KEYWORDS: Acute zonal occult outer retinopathy, enlarged blind spot, ellipsoid zone, autofluorescence
Case one
A 21-year-old Caucasian female presented to the emergency room with an acute onset of a “dark area” in the temporal vision of her left eye (OS) associated with “shimmering lights”. Her past general history was remarkable for asthma and migraine. She reported an episode of cystitis three weeks before presentation, associated with fever.

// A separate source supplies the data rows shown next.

(* Fix $\epsilon>0$, a function $A:(2\pi,\infty)\to[0,\infty)$ and a function $B:\{(\beta_L,\beta_R)\in(0,\infty)^2:\beta_L\beta_R>4\pi^2\}\to[0,\infty)$. Consider the class $\mathcal{C}$ of all unitary, modular invariant 2D CFT spectra (any central charge $c\geqslant0$) with a normalizable vacuum ($n_{0,0}\geqslant1$) satisfying $$\sum_{h+\bar h\leqslant\frac c{12}+\epsilon}n_{h,\bar h}e^{-(h+\bar h)\beta}\leqslant A(\beta)\ \ (\beta>2\pi),\qquad \sum_{\min(h,\bar h)\leqslant\frac{c}{24}}n_{h,\bar h}e^{-h\beta_L-\bar h\beta_R}\leqslant B(\beta_L,\beta_R)\ \ (\beta_L\beta_R>4\pi^2).$$ Then for each $(\beta_L,\beta_R)$ with $\beta_L\beta_R\neq4\pi^2$ there is a constant $K<\infty$, independent of the theory in $\mathcal{C}$ and of $c$, such that every theory in $\mathcal{C}$ satisfies $$\left|\log Z(\beta_L,\beta_R)-\tfrac c{24}(\beta_L+\beta_R)\right|\leqslant K\ \text{ if }\beta_L\beta_R>4\pi^2,\qquad \left|\log Z(\beta_L,\beta_R)-\tfrac{\pi^2c}{6}\left(\tfrac1{\beta_L}+\tfrac1{\beta_R}\right)\right|\leqslant K\ \text{ if }\beta_L\beta_R<4\pi^2.$$ That is, as $c\to\infty$ with $\beta_L,\beta_R$ fixed, the free energy equals the thermal AdS value $\frac c{24}(\beta_L+\beta_R)+O(1)$ for $\beta_L\beta_R>4\pi^2$ and the BTZ value $\frac{\pi^2c}{6}(\frac1{\beta_L}+\frac1{\beta_R})+O(1)$ for $\beta_L\beta_R<4\pi^2$.
   Context: A unitary, modular invariant 2D CFT spectrum consists of a real number $c\geqslant0$ (central charge) and a countable collection of pairs $(h,\bar h)$ with $h,\bar h\geqslant0$, each with multiplicity $n_{h,\bar h}\in\mathbb{N}$, such that $Z(\beta_L,\beta_R)=\sum_{h,\bar h}n_{h,\bar h}e^{-(h-\frac c{24})\beta_L-(\bar h-\frac c{24})\beta_R}$ is finite for all $\beta_L,\beta_R>0$ and $Z(\beta_L,\beta_R)=Z(4\pi^2/\beta_L,4\pi^2/\beta_R)$. (This statement is posed as a conjecture of Hartman–Keller–Stoica and is proved in the paper.) *)

theory Defs
  imports "HOL-Analysis.Analysis"
begin

text \<open>A spectrum is given by a central charge c and a multiplicity function
  n :: (h, hbar) \<Rightarrow> nat; the pairs with n (h,hbar) > 0 form the
  (countable) collection of states.\<close>

definition cft_term :: "real \<Rightarrow> (real \<times> real \<Rightarrow> nat) \<Rightarrow> real \<Rightarrow> real \<Rightarrow> real \<times> real \<Rightarrow> real" where
  "cft_term c n bL bR p =
     real (n p) * exp (- (fst p - c / 24) * bL - (snd p - c / 24) * bR)"

definition cft_Z :: "real \<Rightarrow> (real \<times> real \<Rightarrow> nat) \<Rightarrow> real \<Rightarrow> real \<Rightarrow> real" where
  "cft_Z c n bL bR = (\<Sum>\<^sub>\<infinity>p\<in>UNIV. cft_term c n bL bR p)"

definition cft_spectrum :: "real \<Rightarrow> (real \<times> real \<Rightarrow> nat) \<Rightarrow> bool" where
  "cft_spectrum c n \<longleftrightarrow>
     c \<ge> 0 \<and>
     (\<forall>h hb. n (h, hb) \<noteq> 0 \<longrightarrow> h \<ge> 0 \<and> hb \<ge> 0) \<and>
     countable {p. n p \<noteq> 0} \<and>
     (\<forall>bL bR. bL > 0 \<longrightarrow> bR > 0 \<longrightarrow> cft_term c n bL bR summable_on UNIV) \<and>
     (\<forall>bL bR. bL > 0 \<longrightarrow> bR > 0 \<longrightarrow>
        cft_Z c n bL bR = cft_Z c n (4 * pi\<^sup>2 / bL) (4 * pi\<^sup>2 / bR))"

end

theory Submission
  imports Defs
begin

On examination, visual acuity was 20/20 in both eyes (OU) with normal anterior segment and fundus examination (Figure 1A). Pupils were equal with no relative afferent pupillary defect (RAPD). Colour vision testing was normal. Automated visual field testing (Figure 1B) was unremarkable in the right eye (OD), but showed an enlarged blind spot OS. Optical coherence tomography (OCT) of the macula was normal OD. There was disruption of the peripapillary ellipsoid zone OS (Figure 1C). Fundus autofluorescence (FAF) was normal OD, but showed a halo of peripapillary hyperautofluorescence OS (Figure 1D). Fluorescein angiography (FA) showed hyperfluorescence in this same area which persisted in the late phases of the angiogram. Indocyanine green angiography (ICGA) was significant for hypofluorescence more evident in the late phases, up to 30 minutes (Figure 1E-H). A diagnosis of AZOOR was made based on multimodal imaging findings, positive ophthalmic and systemic history, and exclusion of other entities. The patient was treated with oral steroids (prednisone 1 mg/kg/day for 10 days followed by taper) with resolution of symptoms, the visual field defect and the multimodal ocular imaging abnormalities.
Figure 1.
A. Colour fundus photography was normal in both eyes. B. Humphrey 30–2 visual field is unremarkable in the right eye while showing enlarged blind spot in the left eye. C. Macular OCT of the left eye showing disruption of the peripapillary ellipsoid zone on the right side. D. Fundus autofluorescence (FAF) is normal OD, but shows a halo of peripapillary hyperautofluorescence OS. E-F. Fluorescein angiography (FA) showing hyperfluorescence in this same area and remains evident in the late phases of the angiogram. G-H. Indocyanine green angiography (ICGA) is significant for hypofluorescence more evident in the late phases, up to 30 minutes.
Case two
A 73-year-old white female was referred to the neuro-ophthalmology service at Houston Methodist Hospital for evaluation of an asymmetrical possible “bitemporal hemianopsia” OU that progressively became worse over seven years. The retina service has been following the patient previously for early dry form of age-related macular degeneration (ARMD). Past medical history was significant for severe migraines that stopped six years ago and hypothyroidism treated with levothyroxine replacement.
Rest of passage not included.